Implement WormSet [HPPC-188]
Closed this issue · 4 comments
WormMap was introduced in #218.
This Jira issue is to not forget to add WormSet (derived from WormMap code).
Also remind that currently the benchmark for WORM is not accurate for Set (it is internally creating a HashSet implementation). It is accurate for Map.
Issue: HPPC-188 (migrated from JIRA), created by Bruno Roustant (@bruno-roustant), resolved Jul 31 2023
Comment by Bruno Roustant (@bruno-roustant) (migrated from JIRA)
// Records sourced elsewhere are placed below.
lemma zero_error_rate_le:
  fixes W :: "nat \<Rightarrow> nat \<Rightarrow> 'o \<times> 'o"
  assumes "Q \<ge> 1"
    and bound: "\<And>M1 M2. M1 \<ge> 1 \<Longrightarrow> M2 \<ge> 1 \<Longrightarrow> zero_error_code Q n W M1 M2 \<Longrightarrow> M1 * M2 \<le> K"
  shows "zero_error_rate Q n W \<le> log 2 K / n"
proof -
  let ?S = "{(log 2 (real M1) + log 2 (real M2)) / real n | M1 M2.
              M1 \<ge> 1 \<and> M2 \<ge> 1 \<and> zero_error_code Q n W M1 M2}"
  have "?S \<noteq> {}" using zero_error_code_one_one[OF assms(1)] by blast
  moreover have "x \<le> log 2 K / n" if "x \<in> ?S" for x
  proof -
    obtain M1 M2 where x: "x = (log 2 (real M1) + log 2 (real M2)) / real n"
      and M: "M1 \<ge> 1" "M2 \<ge> 1" and code: "zero_error_code Q n W M1 M2"
      using \<open>x \<in> ?S\<close> by blast
    have "real (M1 * M2) \<le> real K" using bound[OF M code] by (simp only: of_nat_le_iff)
    have "log 2 M1 + log 2 M2 = log 2 (M1 * M2)" using M by (simp add: log_mult)
    also have "\<dots> \<le> log 2 K" using \<open>real (M1 * M2) \<le> real K\<close> M by (intro log_mono) simp_all
    finally show ?thesis unfolding x by (simp add: divide_right_mono)
  qed
  ultimately show ?thesis unfolding zero_error_rate_def by (rule cSup_least)
qed

lemma zero_error_rate_erasure_le:
  assumes "small_unerased_rectangles Q T e" and "n \<ge> 2" and "Q \<ge> 1"
  shows "zero_error_rate Q n (erasure_channel e) \<le> log 2 (real ((4 * T + Q)\<^sup>2 * Q ^ (2 * (n - 2)))) / n"
  using zero_error_code_erasure_card_bound[OF assms(1,2)] assms(3) by (intro zero_error_rate_le) auto

section \<open>Random erasure patterns\<close>

lemma prob_unerased_rectangle:
  assumes "R \<subseteq> {1..Q}" "F \<subseteq> {1..Q}" "0 \<le> eps" "eps \<le> 1"
  shows "measure_pmf.prob (erasure_pattern_pmf Q eps) {e. \<forall>r\<in>R. \<forall>c\<in>F. \<not> e (r, c)}
         = (1 - eps) ^ (card R * card F)"
proof -
  define I where "I = {1..Q} \<times> {1..Q}"
  define B where "B = (\<lambda>x::nat \<times> nat. if x \<in> R \<times> F then {False} else (UNIV :: bool set))"
  have "{e. \<forall>r\<in>R. \<forall>c\<in>F. \<not> e (r, c)} = Pi I B"
    using assms(1,2) unfolding I_def B_def Pi_def by (auto; meson atLeastAtMost_iff subsetD)
  hence "measure_pmf.prob (erasure_pattern_pmf Q eps) {e. \<forall>r\<in>R. \<forall>c\<in>F. \<not> e (r, c)}
      = (\<Prod>x\<in>I. measure_pmf.prob (bernoulli_pmf eps) (B x))"
    unfolding erasure_pattern_pmf_def I_def by (simp add: measure_Pi_pmf_Pi)
  also have "\<dots> = (\<Prod>x\<in>I. if x \<in> R \<times> F then 1 - eps else 1)"
    by (rule prod.cong) (use assms(3,4) in \<open>auto simp: B_def measure_pmf_single\<close>)
  also have "\<dots> = (1 - eps) ^ card (I \<inter> R \<times> F)"
    by (simp add: prod.If_cases I_def)
  also have "I \<inter> R \<times> F = R \<times> F" using assms(1,2) I_def by auto
  finally show ?thesis by (simp add: card_cartesian_product)
qed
Of course I'm volunteer to provide a PR soon.
Comment by Bruno Roustant (@bruno-roustant) (migrated from JIRA)
PR added: #11
I ran the benchmarks. They confirm WormSet should be used when there are less than 2M elements, above the perf gain on contains() diminishes while the loss on add() increases.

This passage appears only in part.